Ptenb Mediates Gastrulation Cell Movements via Cdc42/AKT1 in Zebrafish
- Authors
- Yeh, C.M., Liu, Y.C., Chang, C.J., Lai, S.L., Hsiao, C.D., and Lee, S.J.
- ID
- ZDB-PUB-110518-6
- Date
- 2011
- Source
- PLoS One 6(4): e18702 (Journal)
- Registered Authors
- Hsiao, Chung-Der, Lai, Shih-Lei (Ben), Lee, Shyh-Jye, Yeh, Chen-Min
- Keywords
- Embryos, Zebrafish, Somites, Cell movement, Actin polymerization, Cell migration, Cell transplantation, Kinase inhibitors
- MeSH Terms
-
- Actins/metabolism
- Animals
- Cell Movement/drug effects
- Embryo, Nonmammalian/cytology
- Embryo, Nonmammalian/drug effects
- Embryo, Nonmammalian/enzymology
- Embryonic Development/drug effects
- Enzyme Activation/drug effects
- Gastrulation*/drug effects
- Gene Knockdown Techniques
- Genes, Dominant/genetics
- Humans
- Models, Biological
- Oligonucleotides, Antisense/pharmacology
- Phosphatidylinositol 3-Kinases/antagonists & inhibitors
- Phosphatidylinositol 3-Kinases/metabolism
- Phosphoprotein Phosphatases/deficiency
- Phosphoprotein Phosphatases/metabolism*
- Polymerization/drug effects
- Protein Biosynthesis/drug effects
- Proto-Oncogene Proteins c-akt/metabolism*
- Signal Transduction/drug effects
- Zebrafish/embryology*
- Zebrafish/metabolism*
- Zebrafish Proteins/deficiency
- Zebrafish Proteins/metabolism*
- cdc42 GTP-Binding Protein/metabolism*
- PubMed
- 21494560 Full text @ PLoS One
Phosphatidylinositol 3-kinase (PI3 kinase) mediates gastrulation cell migration in zebrafish via its regulation of PIP2/PIP3 balance.

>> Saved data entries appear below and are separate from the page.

definition box :: "'a mms \<Rightarrow> 'b mms \<Rightarrow> ereal" where
  "box X Y = (INF pS \<in> {(\<pi>, S). coupling \<pi> (snd X) (snd Y) \<and> S \<in> sets \<pi>}.
      max (dis X Y (snd pS)) (1 - ereal (measure (fst pS) (snd pS))))"

definition box_closed :: "real mms set \<Rightarrow> bool" where
  "box_closed P \<longleftrightarrow> (\<forall>Xs X. (\<forall>i. Xs i \<in> P) \<and> X \<in> mmX \<and>
      (\<lambda>i. box (Xs i) X) \<longlonglongrightarrow> 0 \<longrightarrow> X \<in> P)"

definition pyramid :: "real mms set \<Rightarrow> bool" where
  "pyramid P \<longleftrightarrow> P \<subseteq> mmX \<and> P \<noteq> {} \<and> box_closed P \<and>
      (\<forall>X\<in>P. \<forall>Y\<in>mmX. mm_prec Y X \<longrightarrow> Y \<in> P) \<and>
      (\<forall>X\<in>P. \<forall>X'\<in>P. \<exists>Y\<in>P. mm_prec X Y \<and> mm_prec X' Y)"

definition idx :: "enat \<Rightarrow> nat set" where
  "idx N = {n. 1 \<le> n \<and> enat n \<le> N}"

definition in_A1 :: "(nat \<Rightarrow> real) \<Rightarrow> enat \<Rightarrow> bool" where
  "in_A1 a N \<longleftrightarrow> (\<forall>n\<in>idx N. 0 < a n \<and> a n \<le> 1) \<and> (a has_sum 1) (idx N)"

definition pad :: "(nat \<Rightarrow> real) \<Rightarrow> enat \<Rightarrow> nat \<Rightarrow> real" where
  "pad a N n = (if n \<in> idx N then a n else 0)"

definition l1dist :: "(nat \<Rightarrow> real) \<Rightarrow> enat \<Rightarrow> (nat \<Rightarrow> real) \<Rightarrow> enat \<Rightarrow> real" where
  "l1dist a N b N' = infsum (\<lambda>n. \<bar>pad a N n - pad b N' n\<bar>) {1..}"

definition dirsum :: "(nat \<Rightarrow> real mms set) \<Rightarrow> (nat \<Rightarrow> real) \<Rightarrow> enat \<Rightarrow> real mms set" where
  "dirsum P a N = {X \<in> mmX. \<exists>Xs fs.
      (\<forall>n\<in>idx N. Xs n \<in> P n \<and> lip1 (fs n) (Xs n) X \<and> fs n \<in> measurable (snd (Xs n)) (snd X)) \<and>
      (\<forall>A\<in>sets (snd X).
         ((\<lambda>n. a n * measure (snd (Xs n)) (fs n -` A \<inter> space (snd (Xs n)))) has_sum
            measure (snd X) A) (idx N))}"

text \<open>R^k is represented as functions nat => real vanishing from index k on.\<close>
definition Rk :: "nat \<Rightarrow> (nat \<Rightarrow> real) set" where
  "Rk k = {x. \<forall>i\<ge>k. x i = 0}"

definition dinf :: "nat \<Rightarrow> (nat \<Rightarrow> real) \<Rightarrow> (nat \<Rightarrow> real) \<Rightarrow> real" where
  "dinf k x y = Max ((\<lambda>i. \<bar>x i - y i\<bar>) ` {..<k})"

definition Bkk :: "nat \<Rightarrow> (nat \<Rightarrow> real) set" where
  "Bkk k = {x \<in> Rk k. \<forall>i<k. \<bar>x i\<bar> \<le> real k}"

definition Mset :: "real mms set \<Rightarrow> nat \<Rightarrow> (nat \<Rightarrow> real) measure set" where
  "Mset P k = {\<mu>. sets \<mu> = sets (mborel (Rk k) (dinf k)) \<and> prob_space \<mu> \<and>
      emeasure \<mu> (Rk k - Bkk k) = 0 \<and>
      (\<exists>X\<in>P. mm_iso X (dinf k, restrict_space \<mu> (Bkk k)))}"

definition nbhd :: "nat \<Rightarrow> real \<Rightarrow> (nat \<Rightarrow> real) set \<Rightarrow> (nat \<Rightarrow> real) set" where
  "nbhd k e A = {x \<in> Rk k. \<exists>y\<in>A. dinf k x y < e}"

definition dP :: "nat \<Rightarrow> (nat \<Rightarrow> real) measure \<Rightarrow> (nat \<Rightarrow> real) measure \<Rightarrow> real" where
  "dP k \<mu> \<nu> = Inf {e. 0 < e \<and> (\<forall>A\<in>sets \<nu>. measure \<mu> (nbhd k e A) \<ge> measure \<nu> A - e)}"

definition dH :: "nat \<Rightarrow> (nat \<Rightarrow> real) measure set \<Rightarrow> (nat \<Rightarrow> real) measure set \<Rightarrow> real" where
  "dH k S T = max (SUP \<mu>\<in>S. INF \<nu>\<in>T. dP k \<mu> \<nu>) (SUP \<nu>\<in>T. INF \<mu>\<in>S. dP k \<mu> \<nu>)"

definition rho :: "real mms set \<Rightarrow> real mms set \<Rightarrow> real" where
  "rho P Q = (\<Sum>k. (1 / 2 ^ Suc k) * (1 / (2 * real (Suc k))) *
      dH (Suc k) (Mset P (Suc k)) (Mset Q (Suc k)))"

end

theory Submission
  imports Defs
begin

text \<open>
  For every k, the measures in Mset (dirsum P a N) k are exactly the mixtures, with weights a, of
  measures from the Mset (P n) k. Such a measure is isometric to a witness X of the direct sum, and
  pushing the components of X forward along this isometry decomposes it; conversely a mixture,
  realized over the reals, is a direct sum of representatives of its components. If the first M
  components of two mixtures are Prokhorov-close at radius e, the mixtures are close at radius e
  plus the l1 distance of the weights plus the weight of the remaining components. Hence each
  Hausdorff term of rho for the direct sums is at most the sum of the corresponding terms for the
  first M pyramids plus the l1 distance and both tails, and the weights of rho add up to at most 1/2.
\<close>

lemma abs_diff_le_dinf: "i < k \<Longrightarrow> \<bar>x i - y i\<bar> \<le> dinf k x y"
  unfolding dinf_def by (rule Max_ge) auto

Although PI3 kinase counter enzyme PTEN has also been reported to be essential for gastrulation, its role in zebrafish gastrulation has been controversial due to the lack of gastrulation defects in pten-null mutants. To clarify this issue, we knocked down a pten isoform, ptenb by using anti-sense morpholino oligos (MOs) in zebrafish embryos and found that ptenb MOs inhibit convergent extension by affecting cell motility and protrusion during gastrulation. The ptenb MO-induced convergence defect could be rescued by a PI3-kinase inhibitor, LY294002 and by overexpressing dominant negative Cdc42. Overexpression of human constitutively active akt1 showed similar convergent extension defects in zebrafish embryos. We also observed a clear enhancement of actin polymerization in ptenb morphants under cofocal microscopy and in actin polymerization assay. These results suggest that Ptenb by antagonizing PI3 kinase and its downstream Akt1 and Cdc42 to regulate actin polymerization that is critical for proper cell motility and migration control during gastrulation in zebrafish.